#### MATERIALS PROVIDED
text \<open>In case 2 the deleted set is forced to be exactly
  (N(u) + N(w)) x K, so the layers a and b survive completely; they carry the bipartite
  double cover of G, which would then be disconnected.\<close>
lemma separated_pair_impossible:
  assumes con: "connected_graph V E" and nbip: "\<not> bipartite V E"
    and n3: "n \<ge> 3" and card_S: "card S = (n - 1) * min_degree V E"
  shows False
proof (cases "\<exists>w. E u w \<and> (w,a) \<in> rest \<and> (w,b) \<in> rest")
  case False
  then have "(card (nbhd u) + 1) * (n - 2) + card (nbhd u) \<le> card S"
    using deleted_count_no_double_survivor E_in_V rest_iff layers_distinct by blast
  moreover have "(min_degree V E + 1) * (n - 2) + min_degree V E
      \<le> (card (nbhd u) + 1) * (n - 2) + card (nbhd u)"
    using min_degree_le[OF u] by (intro add_mono mult_le_mono1) simp_all
  ultimately have "(min_degree V E + 1) * (n - 2) + min_degree V E \<le> (n - 1) * min_degree V E"
    using card_S by linarith
  then show False using n3 by (simp add: algebra_simps)
next
  case True
  then obtain w where w: "E u w" "(w,a) \<in> rest" "(w,b) \<in> rest" by blast
  define T where "T = (nbhd u \<union> nbhd w) \<times> ({0..<n} - {a,b})"
  have "min_degree V E \<le> card (nbhd u)" "min_degree V E \<le> card (nbhd w)"
    using min_degree_le u E_in_V[OF w(1)] by auto
  then have "(min_degree V E + min_degree V E) * (n - 2) \<le> card T"
    unfolding T_def card_nbhds_other_layers[OF w] by (intro mult_le_mono1) simp
  moreover have "(n - 1) * min_degree V E \<le> (min_degree V E + min_degree V E) * (n - 2)"
  proof -
    obtain m where "n = m + 3" using n3 by (metis add.commute le_Suc_ex)
    then show ?thesis by (simp add: algebra_simps)
  qed
  ultimately have "card S \<le> card T" using card_S by linarith
  then have "T = S"
    using nbhds_other_layers_deleted[OF w] finite_S unfolding T_def by (simp add: card_seteq)
  then have layers_survive: "x \<in> V \<Longrightarrow> (x,a) \<in> rest \<and> (x,b) \<in> rest" for x
    using rest_iff layers_distinct unfolding T_def by auto
  have "bipartite V E"
  proof (rule bipartite_if_double_cover_disconnected[OF con u symp_induced_adj])
    show "induced rest (kron_Kn_adj E n) (x,a) (y,b) \<and> induced rest (kron_Kn_adj E n) (x,b) (y,a)"
      if "x \<in> V" "y \<in> V" "E x y" for x y
      using that layers_survive layers_distinct unfolding induced_def kron_Kn_adj_def by auto
  qed (rule sep)
  then show False using nbip by simp
qed
(* Let $\mathcal{A}=\{\alpha_1<\alpha_2<\dots<\alpha_m\}\subset(0,1)$ with $|\mathcal{A}|=m$, and let $d_{\mathcal{A}}=\min_{\alpha\in\mathcal{A}}\min(\alpha,1-\alpha)$. Let $(b_t)_{t\ge1}$ be any sequence of base forecasts with $b_t\in\mathcal{K}$ and $(y_t)_{t\ge1}$ any sequence of real outcomes, and suppose there is $R>0$ with $|y_t-b_t^{\alpha}|\le R$ for all $\alpha\in\mathcal{A}$ and all $t$. Run MultiQT with learning rate $\eta>0$ and initial hidden offset $\tilde\theta_1\in\mathcal{K}$. Then for every $T\ge1$ and every $\alpha\in\mathcal{A}$, $$\Bigg|\frac{1}{T}\sum_{t=1}^T \mathrm{cov}_t^{\alpha}-\alpha\Bigg|\le \frac{2\|\tilde\theta_1\|_2}{\eta T}+\sqrt{\frac{|\mathcal{A}|}{T}+\frac{2R|\mathcal{A}|^{3/2}}{\eta\, d_{\mathcal{A}}\,T}}.$$
   Context: $\mathcal{K}=\{x\in\mathbb{R}^m: x_1\le x_2\le\dots\le x_m\}$ (coordinates indexed by $\alpha_1,\dots,\alpha_m$), and for a closed convex set $C$, $\Pi_C(x)=\arg\min_{z\in C}\|x-z\|_2^2$ is Euclidean projection; $C-v=\{x-v:x\in C\}$. MultiQT (Multi-Level Quantile Tracker) with learning rate $\eta>0$ and initial hidden offset $\tilde\theta_1\in\mathcal{K}$: for $t=1,2,\dots$, (1) set the played offset $\theta_t=\Pi_{\mathcal{K}-b_t}(\tilde\theta_t)$; (2) output the forecast $q_t=b_t+\theta_t$ (equivalently $q_t=\Pi_{\mathcal{K}}(b_t+\tilde\theta_t)$); (3) after observing $y_t$, set $\mathrm{cov}_t^{\alpha}=\mathbb{1}\{y_t\le q_t^{\alpha}\}$ and update $\tilde\theta_{t+1}^{\alpha}=\tilde\theta_t^{\alpha}-\eta(\mathrm{cov}_t^{\alpha}-\alpha)$ for each $\alpha\in\mathcal{A}$. *)

theory Defs
  imports "HOL-Analysis.Analysis"
begin

text \<open>Quantile levels are indexed by a finite linearly ordered type 'm (coordinate i
 corresponds to level alpha $ i); vectors in R^m are real ^ 'm with Euclidean norm.\<close>

definition isoK :: "(real ^ 'm::{finite,linorder}) set" where
  "isoK = {x. \<forall>i j. i \<le> j \<longrightarrow> x $ i \<le> x $ j}"

text \<open>Hidden offsets: multiqt_hidden ... s is tilde theta_(s+1); time t runs from 1.\<close>

fun multiqt_hidden ::
  "real \<Rightarrow> real ^ 'm::{finite,linorder} \<Rightarrow> real ^ 'm::{finite,linorder} \<Rightarrow> (nat \<Rightarrow> real ^ 'm::{finite,linorder}) \<Rightarrow> (nat \<Rightarrow> real) \<Rightarrow> nat \<Rightarrow> real ^ 'm::{finite,linorder}"
where
  "multiqt_hidden eta alpha th1 b y 0 = th1"
| "multiqt_hidden eta alpha th1 b y (Suc s) =
     (let th = multiqt_hidden eta alpha th1 b y s;
          played = closest_point ((\<lambda>x. x - b (Suc s)) ` isoK) th;
          q = b (Suc s) + played
      in th - eta *\<^sub>R (\<chi> i. (if y (Suc s) \<le> q $ i then 1 else 0) - alpha $ i))"

definition multiqt_played ::
  "real \<Rightarrow> real ^ 'm::{finite,linorder} \<Rightarrow> real ^ 'm::{finite,linorder} \<Rightarrow> (nat \<Rightarrow> real ^ 'm::{finite,linorder}) \<Rightarrow> (nat \<Rightarrow> real) \<Rightarrow> nat \<Rightarrow> real ^ 'm::{finite,linorder}"
where
  "multiqt_played eta alpha th1 b y t =
     closest_point ((\<lambda>x. x - b t) ` isoK) (multiqt_hidden eta alpha th1 b y (t - 1))"

definition multiqt_forecast ::
  "real \<Rightarrow> real ^ 'm::{finite,linorder} \<Rightarrow> real ^ 'm::{finite,linorder} \<Rightarrow> (nat \<Rightarrow> real ^ 'm::{finite,linorder}) \<Rightarrow> (nat \<Rightarrow> real) \<Rightarrow> nat \<Rightarrow> real ^ 'm::{finite,linorder}"
where
  "multiqt_forecast eta alpha th1 b y t = b t + multiqt_played eta alpha th1 b y t"

definition multiqt_cov ::
  "real \<Rightarrow> real ^ 'm::{finite,linorder} \<Rightarrow> real ^ 'm::{finite,linorder} \<Rightarrow> (nat \<Rightarrow> real ^ 'm::{finite,linorder}) \<Rightarrow> (nat \<Rightarrow> real) \<Rightarrow> nat \<Rightarrow> 'm::{finite,linorder} \<Rightarrow> real"
where
  "multiqt_cov eta alpha th1 b y t i =
     (if y t \<le> multiqt_forecast eta alpha th1 b y t $ i then 1 else 0)"

end

theory Submission
  imports Defs
begin

(* MultiQT is lazily projected online gradient descent on the pinball losses: the hidden offset
   moves by -eta g_t, where g_t = cov_t - alpha is the pinball-loss gradient at the forecast q_t.
   Because the levels are strictly increasing, -g_t points into K at q_t (tied coordinates have
   equal coverage, and the larger level receives the larger decrement), so the variational
   inequality of the projection gives <theta~_t - theta_t, g_t> >= 0.  Together with
   (q_t - b_t)^alpha (cov_t^alpha - alpha) >= -R and |g_t|^2 <= m this yields
   |theta~_(t+1)|^2 <= |theta~_t|^2 + eta^2 m + 2 eta m R.  As theta~_(T+1) = theta~_1 - eta sum g_t,
   the coverage error at level alpha is (theta~_1 - theta~_(T+1))^alpha / (eta T), hence at most
   (2 |theta~_1| + sqrt (T (eta^2 m + 2 eta m R))) / (eta T).  This is sharper than the stated
   bound since m <= m^(3/2) / d_A. *)

lemma closed_isoK: "closed isoK"
proof -
  have eq: "isoK = (\<Inter>i. \<Inter>j\<in>{j. i \<le> j}. {x. x $ i \<le> x $ j})"
    by (auto simp: isoK_def)
  show ?thesis
    unfolding eq by (auto intro!: closed_INT closed_Collect_le continuous_intros)
qed

lemma convex_isoK: "convex isoK"
  unfolding convex_def isoK_def by (auto intro!: add_mono mult_left_mono)

lemma zero_in_isoK: "0 \<in> isoK"
  by (simp add: isoK_def)

lemma isoK_feasible_direction:
  assumes q: "q \<in> isoK" and ties: "\<And>i j. i < j \<Longrightarrow> q $ i = q $ j \<Longrightarrow> g $ j \<le> g $ i"
  shows "\<exists>e>0. q - e *\<^sub>R g \<in> isoK"
proof -
  have pair: "\<forall>\<^sub>F e in at_right 0. i \<le> j \<longrightarrow> (q - e *\<^sub>R g) $ i \<le> (q - e *\<^sub>R g) $ j" for i j
  proof (cases "i \<le> j \<and> q $ i = q $ j")
    case True
    then have "g $ j \<le> g $ i"
      using ties[of i j] by (cases "i = j") auto
    then have "e * g $ j \<le> e * g $ i" if "0 < e" for e :: real
      using that by (simp add: mult_left_mono)
    with True show ?thesis
      by (auto intro: eventually_mono[OF eventually_at_right_less])
  next
    case False
    then have gap: "i \<le> j \<Longrightarrow> 0 < q $ j - q $ i"
      using q by (auto simp: isoK_def order_le_neq_trans)
    have "((\<lambda>e. (q - e *\<^sub>R g) $ j - (q - e *\<^sub>R g) $ i) \<longlongrightarrow> q $ j - q $ i) (at_right 0)"
      by (auto intro!: tendsto_eq_intros)
    from order_tendstoD(1)[OF this gap]
    show ?thesis
      by (cases "i \<le> j") (auto elim: eventually_mono)
  qed
  have "\<forall>\<^sub>F e in at_right 0. \<forall>i j. i \<le> j \<longrightarrow> (q - e *\<^sub>R g) $ i \<le> (q - e *\<^sub>R g) $ j"
    by (intro eventually_all_finite pair)
  then have "\<forall>\<^sub>F e in at_right 0. 0 < e \<and> q - e *\<^sub>R g \<in> isoK"
    using eventually_at_right_less[of "0::real"] by eventually_elim (simp add: isoK_def)
  then show ?thesis
    by (auto dest: eventually_happens)
qed

lemma closest_point_inner_feasible_direction:
  assumes "convex S" "closed S" "closest_point S a - e *\<^sub>R g \<in> S" "e > 0"
  shows "inner (a - closest_point S a) g \<ge> 0"
proof -
  have "inner (a - closest_point S a) (- (e *\<^sub>R g)) \<le> 0"
    using closest_point_dot[OF assms(1-3), where a=a] by simp
  with \<open>e > 0\<close> show ?thesis
    by (simp add: zero_le_mult_iff)
qed

lemma norm_diff_scaleR_square_le:
  fixes u p g :: "'a::real_inner"
  assumes "inner (u - p) g \<ge> 0" "inner p g \<ge> - A" "(norm g)\<^sup>2 \<le> B" "eta \<ge> 0"
  shows "(norm (u - eta *\<^sub>R g))\<^sup>2 \<le> (norm u)\<^sup>2 + eta\<^sup>2 * B + 2 * eta * A"
proof -
  have "(norm (u - eta *\<^sub>R g))\<^sup>2 = (norm u)\<^sup>2 - 2 * eta * inner u g + eta\<^sup>2 * (norm g)\<^sup>2"
    unfolding power2_norm_eq_inner
    by (simp add: inner_diff_left inner_diff_right inner_commute power2_eq_square algebra_simps)
  moreover have "eta * inner u g \<ge> - (eta * A)"
    using assms(1,2,4) mult_left_mono[of "- A" "inner u g" eta] by (simp add: inner_diff_left)
  moreover have "eta\<^sup>2 * (norm g)\<^sup>2 \<le> eta\<^sup>2 * B"
    using assms(3) by (simp add: mult_left_mono)
  ultimately show ?thesis
    by linarith
qed

(* A subgradient in q of sum_i rho_(alpha_i) (y - q_i), with the pinball loss
   rho_a u = u (a - [u < 0]). *)
definition quantile_grad :: "real ^ 'm \<Rightarrow> real \<Rightarrow> real ^ 'm \<Rightarrow> real ^ 'm" where
  "quantile_grad alpha y q = (\<chi> i. (if y \<le> q $ i then 1 else 0) - alpha $ i)"

lemma isoK_feasible_quantile_grad:
  assumes "\<And>j k. j < k \<Longrightarrow> alpha $ j < alpha $ k" "q \<in> isoK"
  shows "\<exists>e>0. q - e *\<^sub>R quantile_grad alpha y q \<in> isoK"
  using assms by (intro isoK_feasible_direction) (auto simp: quantile_grad_def less_imp_le)

lemma norm_quantile_grad_le:
  fixes alpha :: "real ^ 'm::finite"
  assumes "\<And>j. 0 \<le> alpha $ j \<and> alpha $ j \<le> 1"
  shows "(norm (quantile_grad alpha y q))\<^sup>2 \<le> real CARD('m)"
proof -
  have coord: "(quantile_grad alpha y q $ i)\<^sup>2 \<le> 1" for i
    using assms[of i] by (simp add: abs_square_le_1 quantile_grad_def)
  have "(\<Sum>i\<in>UNIV. (quantile_grad alpha y q $ i)\<^sup>2) \<le> real CARD('m)"
    using sum_bounded_above[of UNIV "\<lambda>i. (quantile_grad alpha y q $ i)\<^sup>2" 1] coord by simp
  then show ?thesis
    unfolding power2_norm_eq_inner by (simp add: inner_vec_def power2_eq_square)
qed

lemma pinball_slope_offset_ge:
  fixes a y c q R :: real
  assumes "\<bar>y - c\<bar> \<le> R" "0 \<le> a" "a \<le> 1"
  shows "(q - c) * ((if y \<le> q then 1 else 0) - a) \<ge> - R"
proof -
  have R: "R \<ge> 0"
    using assms(1) by linarith
  have scaled: "x * s \<ge> - R" if "x \<ge> - R" "0 \<le> s" "s \<le> 1" for x s :: real
  proof (cases "x \<ge> 0")
    case True
    with R that show ?thesis by (simp add: order_trans[OF _ mult_nonneg_nonneg])
  next
    case False
    then have "- (x * s) \<le> - x"
      using mult_left_le_one_le[of "- x" s] that by simp
    with that show ?thesis by linarith
  qed
  show ?thesis
  proof (cases "y \<le> q")
    case True
    with assms show ?thesis using scaled[of "q - c" "1 - a"] by simp
  next
    case False
    with assms show ?thesis using scaled[of "c - q" a] by (simp add: algebra_simps)
  qed
qed

lemma inner_quantile_grad_ge:
  fixes alpha c q :: "real ^ 'm::finite"
  assumes "\<And>j. \<bar>y - c $ j\<bar> \<le> R" "\<And>j. 0 \<le> alpha $ j \<and> alpha $ j \<le> 1"
  shows "inner (q - c) (quantile_grad alpha y q) \<ge> - (real CARD('m) * R)"
proof -
  have coord: "- R \<le> (q - c) $ i * quantile_grad alpha y q $ i" for i
    using pinball_slope_offset_ge[of y "c $ i" R "alpha $ i" "q $ i"] assms[of i]
    by (simp add: quantile_grad_def)
  have "real CARD('m) * (- R) \<le> (\<Sum>i\<in>UNIV. (q - c) $ i * quantile_grad alpha y q $ i)"
    using sum_bounded_below[of "UNIV :: 'm set" "- R"] coord by simp
  then show ?thesis
    by (simp add: inner_vec_def)
qed

lemma multiqt_hidden_Suc:
  "multiqt_hidden eta alpha th1 b y (Suc s) = multiqt_hidden eta alpha th1 b y s
     - eta *\<^sub>R quantile_grad alpha (y (Suc s)) (multiqt_forecast eta alpha th1 b y (Suc s))"
  by (simp add: quantile_grad_def multiqt_forecast_def multiqt_played_def Let_def)

lemma multiqt_forecast_in_isoK: "multiqt_forecast eta alpha th1 b y t \<in> isoK"
proof -
  let ?S = "(\<lambda>x. x - b t) ` isoK"
  have "closed ?S" "?S \<noteq> {}"
    using closed_translation_subtract[OF closed_isoK] zero_in_isoK by auto
  then have "multiqt_played eta alpha th1 b y t \<in> ?S"
    unfolding multiqt_played_def by (rule closest_point_in_set)
  then show ?thesis
    by (auto simp: multiqt_forecast_def)
qed

lemma multiqt_hidden_norm_square_Suc_le:
  fixes alpha :: "real ^ 'm::{finite,linorder}"
  assumes alpha_mono: "\<And>j k. j < k \<Longrightarrow> alpha $ j < alpha $ k"
    and alpha_range: "\<And>j. 0 \<le> alpha $ j \<and> alpha $ j \<le> 1"
    and R_bound: "\<And>j. \<bar>y (Suc s) - b (Suc s) $ j\<bar> \<le> R" and eta: "eta \<ge> 0"
  shows "(norm (multiqt_hidden eta alpha th1 b y (Suc s)))\<^sup>2
    \<le> (norm (multiqt_hidden eta alpha th1 b y s))\<^sup>2
       + eta\<^sup>2 * real CARD('m) + 2 * eta * (real CARD('m) * R)"
proof -
  define S where "S = (\<lambda>x. x - b (Suc s)) ` isoK"
  define u where "u = multiqt_hidden eta alpha th1 b y s"
  define p where "p = multiqt_played eta alpha th1 b y (Suc s)"
  define g where "g = quantile_grad alpha (y (Suc s)) (b (Suc s) + p)"
  have p_closest: "p = closest_point S u"
    by (simp add: p_def multiqt_played_def S_def u_def)
  obtain e where "e > 0" and e_feasible: "b (Suc s) + p - e *\<^sub>R g \<in> isoK"
    using isoK_feasible_quantile_grad[OF alpha_mono multiqt_forecast_in_isoK]
    unfolding g_def p_def multiqt_forecast_def by blast
  have "convex S" "closed S"
    unfolding S_def
    by (intro convex_translation_subtract closed_translation_subtract convex_isoK closed_isoK)+
  moreover have "p - e *\<^sub>R g \<in> S"
    unfolding S_def by (rule rev_image_eqI[OF e_feasible]) simp
  ultimately have "inner (u - p) g \<ge> 0"
    unfolding p_closest using \<open>e > 0\<close> by (rule closest_point_inner_feasible_direction)
  moreover have "inner p g \<ge> - (real CARD('m) * R)"
    using inner_quantile_grad_ge[OF R_bound alpha_range, of "b (Suc s) + p"] by (simp add: g_def)
  moreover have "(norm g)\<^sup>2 \<le> real CARD('m)"
    unfolding g_def using alpha_range by (rule norm_quantile_grad_le)
  ultimately have "(norm (u - eta *\<^sub>R g))\<^sup>2
      \<le> (norm u)\<^sup>2 + eta\<^sup>2 * real CARD('m) + 2 * eta * (real CARD('m) * R)"
    using eta by (rule norm_diff_scaleR_square_le)
  then show ?thesis
    by (simp add: multiqt_hidden_Suc u_def g_def p_def multiqt_forecast_def
        del: multiqt_hidden.simps)
qed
########
# WORK INSTRUCTION
In restating the data, begin at its first line, reproduce each line word for word, and conclude with the line that contains "E \<le> (min_degree".

# RESPONSE TO THIS EXERCISE
text \<open>In case 2 the deleted set is forced to be exactly
  (N(u) + N(w)) x K, so the layers a and b survive completely; they carry the bipartite
  double cover of G, which would then be disconnected.\<close>
lemma separated_pair_impossible:
  assumes con: "connected_graph V E" and nbip: "\<not> bipartite V E"
    and n3: "n \<ge> 3" and card_S: "card S = (n - 1) * min_degree V E"
  shows False
proof (cases "\<exists>w. E u w \<and> (w,a) \<in> rest \<and> (w,b) \<in> rest")
  case False
  then have "(card (nbhd u) + 1) * (n - 2) + card (nbhd u) \<le> card S"
    using deleted_count_no_double_survivor E_in_V rest_iff layers_distinct by blast
  moreover have "(min_degree V E + 1) * (n - 2) + min_degree V E
      \<le> (card (nbhd u) + 1) * (n - 2) + card (nbhd u)"
    using min_degree_le[OF u] by (intro add_mono mult_le_mono1) simp_all
  ultimately have "(min_degree V E + 1) * (n - 2) + min_degree V E \<le> (n - 1) * min_degree V E"
    using card_S by linarith
  then show False using n3 by (simp add: algebra_simps)
next
  case True
  then obtain w where w: "E u w" "(w,a) \<in> rest" "(w,b) \<in> rest" by blast
  define T where "T = (nbhd u \<union> nbhd w) \<times> ({0..<n} - {a,b})"
  have "min_degree V E \<le> card (nbhd u)" "min_degree V E \<le> card (nbhd w)"
    using min_degree_le u E_in_V[OF w(1)] by auto
  then have "(min_degree V E + min_degree V E) * (n - 2) \<le> card T"
    unfolding T_def card_nbhds_other_layers[OF w] by (intro mult_le_mono1) simp
  moreover have "(n - 1) * min_degree V E \<le> (min_degree V E + min_degree V E) * (n - 2)"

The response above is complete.